Bitcoin is an anonymous, peer-to-peer, digital currency, which uses ingenious cryptographic technology to solve the problems of trust that have blighted attempts to create non -centralised forms of money for centuries. But that's not why Bitcoin is in the news.
It's because you could buy one Bitcoin for $14 in January this year -
and if you had, you could have sold it for $140 at the beginning of
April. By the time you read this, it could be $1,400 -or $1.40.
Everyone has a theory about where the boom has come from. The currency has a core of diehard fans, drawn from communities focused around cryptography, libertarianism and the presidential campaigns of the American former congressman Ron Paul. They cite the absence of any centralised authority as a big selling point. In that narrative, the lack of trust in central banks not to inflate their way out of economic crisis is pushing people towards a currency with algorithmically determined hard money. (The Bitcoin rate of inflation is fixed and declining; the last coin will be "created" in 2140.)
There's anecdotal evidence to back that up. A recent report in Wired suggested that, following the Cypriot deposit tax, downloads of Bitcoin apps, required to spend the coins, surged in Spain. Were scared Europeans moving their money into a currency designed to be anonymous - and thus untaxable? But although the fans of Bitcoin have an enormous distrust of central banks and elected governments, that doesn't seem enough to explain the spike in the exchange rate.
For one thing, the boom started long before the Cypriot troubles, during a period in which Europe was comparatively stable. For another, the evidence in favour of a flight from euros to Bitcoin is sketchily inferred from poor data, and far outweighed by evidence of a real flight to US dollars and roubles.

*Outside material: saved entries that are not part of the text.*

text \<open>This is where 0.16 comes from: (3/2)^20 \<le> 2^15 and 15/19 < 0.84.\<close>

lemma pow2_mult_pow3_le:
  fixes e2 e3 m :: nat
  assumes "19 * e3 \<le> 20 * m"
  shows "real (2 ^ e2 * 3 ^ e3) \<le> 2 powr real (e2 + e3 + m) * 2 powr (- 0.16 * real m)"
proof -
  have "ln ((3 / 2 :: real) ^ 20) \<le> ln (2 ^ 15)"
    by (subst ln_le_cancel_iff) (simp_all add: power_divide)
  then have "20 * ln (3 / 2 :: real) \<le> 15 * ln 2"
    by (subst (asm) (1 2) ln_realpow) simp_all
  then have "20 * (real m * ln (3 / 2)) \<le> 15 * (real m * ln 2)"
    using mult_left_mono[of "20 * ln (3 / 2 :: real)" "15 * ln 2" "real m"] by (simp add: algebra_simps)
  moreover have "19 * (real e3 * ln (3 / 2)) \<le> 20 * (real m * ln (3 / 2))"
    using mult_right_mono[of "19 * real e3" "20 * real m" "ln (3 / 2)"] assms by (simp add: algebra_simps)
  moreover have "real m * ln 2 \<ge> 0" by simp
  ultimately have "real e3 * ln (3 / 2) \<le> 21 / 25 * (real m * ln 2)"
    by linarith
  then have key: "real e2 * ln 2 + real e3 * ln 3 \<le> (real (e2 + e3 + m) - 0.16 * real m) * ln 2"
    by (simp add: ln_div algebra_simps)
  have "real (2 ^ e2 * 3 ^ e3) = exp (real e2 * ln 2 + real e3 * ln 3)"
    by (simp add: exp_add powr_def flip: powr_realpow)
  also have "\<dots> \<le> exp ((real (e2 + e3 + m) - 0.16 * real m) * ln 2)"
    using key by simp
  also have "\<dots> = 2 powr (real (e2 + e3 + m) - 0.16 * real m)"
    by (simp add: powr_def)
  also have "\<dots> = 2 powr real (e2 + e3 + m) * 2 powr (- 0.16 * real m)"
    by (simp add: powr_add[symmetric])
  finally show ?thesis .
qed

lemma two_mult_choose_two_le: "2 * (n choose 2) \<le> n ^ 2"
proof -
  have "2 * (n choose 2) \<le> n * (n - 1)" by (simp add: choose_two)
  also have "\<dots> \<le> n ^ 2" by (simp add: power2_eq_square)
  finally show ?thesis .
qed

theorem lemma4p3:
  fixes V :: "'a set" and E :: "'a set set"
  assumes "simple_graph V E"
    and "card V > 1000"
  defines "t \<equiv> card V"
    and "e2 \<equiv> num_edges_weight V E 2"
    and "e3 \<equiv> num_edges_weight V E 3"
    and "ebar \<equiv> card (complement_edges V E)"
  shows "(real ebar \<le> real t ^ 2 / 4 \<longrightarrow>
            graph_weight V E = 2 ^ e2 * 3 ^ e3 \<and>
            real (graph_weight V E) \<le> 2 powr real (t choose 2) * 2 powr (- 0.16 * real ebar))
       \<and> (real ebar > real t ^ 2 / 4 \<longrightarrow>
            real (graph_weight V E) < 3 powr (real t ^ 2 / 4))"
proof -
  have finE: "finite E" using simple_graph_finite_edges[OF assms(1)] .
  have weight: "graph_weight V E = 2 ^ e2 * 3 ^ e3"
    unfolding e2_def e3_def using graph_weight_eq[OF finE] .
  have edges: "card E + ebar = t choose 2"
    unfolding t_def ebar_def using card_edges_plus_complement[OF assms(1)] .
  have "19 * e3 \<le> 20 * ebar"
    unfolding e3_def ebar_def using assms(1,2) by (intro num_edges_weight_3_le_complement) simp_all
  then have "real (graph_weight V E) \<le> 2 powr real (t choose 2) * 2 powr (- 0.16 * real ebar)"
    using pow2_mult_pow3_le[of e3 ebar e2] edges card_edges_eq[OF finE]
    unfolding weight e2_def e3_def by simp
  moreover have "real (graph_weight V E) < 3 powr (real t ^ 2 / 4)" if "real ebar > real t ^ 2 / 4"
  proof -
    have "real (2 * (t choose 2)) \<le> real t ^ 2"
      using two_mult_choose_two_le[of t] unfolding of_nat_power[symmetric] of_nat_le_iff .
    then have "real (card E) < real t ^ 2 / 4"
      using that edges by (simp flip: of_nat_add)
    have "real (graph_weight V E) \<le> 3 powr real (card E)"
      using graph_weight_le_pow[of V E] by (simp add: powr_realpow flip: of_nat_le_iff)
    also have "\<dots> < 3 powr (real t ^ 2 / 4)"
      using \<open>real (card E) < real t ^ 2 / 4\<close> by (intro powr_less_mono) simp_all
    finally show ?thesis .
  qed
  ultimately show ?thesis using weight by blast
qed

end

To explain Bitcoin's parabolic rise, we should look not to technology, but to tulips. The currency is in a classic speculator's bubble. Once the rise became obvious, people rushed to buy coins, hoping to profit from its continuation; that pushed the price even higher, sending an even bigger signal to speculators; until you end up in a situation where it can jump by 10 per cent overnight, as it did on 3 April.
Eventually the bubble will pop. It is all too transparently driven by hype, and no one wants to be left holding assets after the peak - which has led to the sort of panicky behaviour that can cause a 9 per cent plummet in an hour with no event triggering it.
What will be left will be a slimmed-down idea, at a slimmed- down price. That version of Bitcoin - one of small-scale e-commerce, not hedge funds and house sales - could be a blessing to the internet, taking on titans such as PayPal by offering a new way to send money online. But to get there from here, a lot of people are going to lose a lot of money.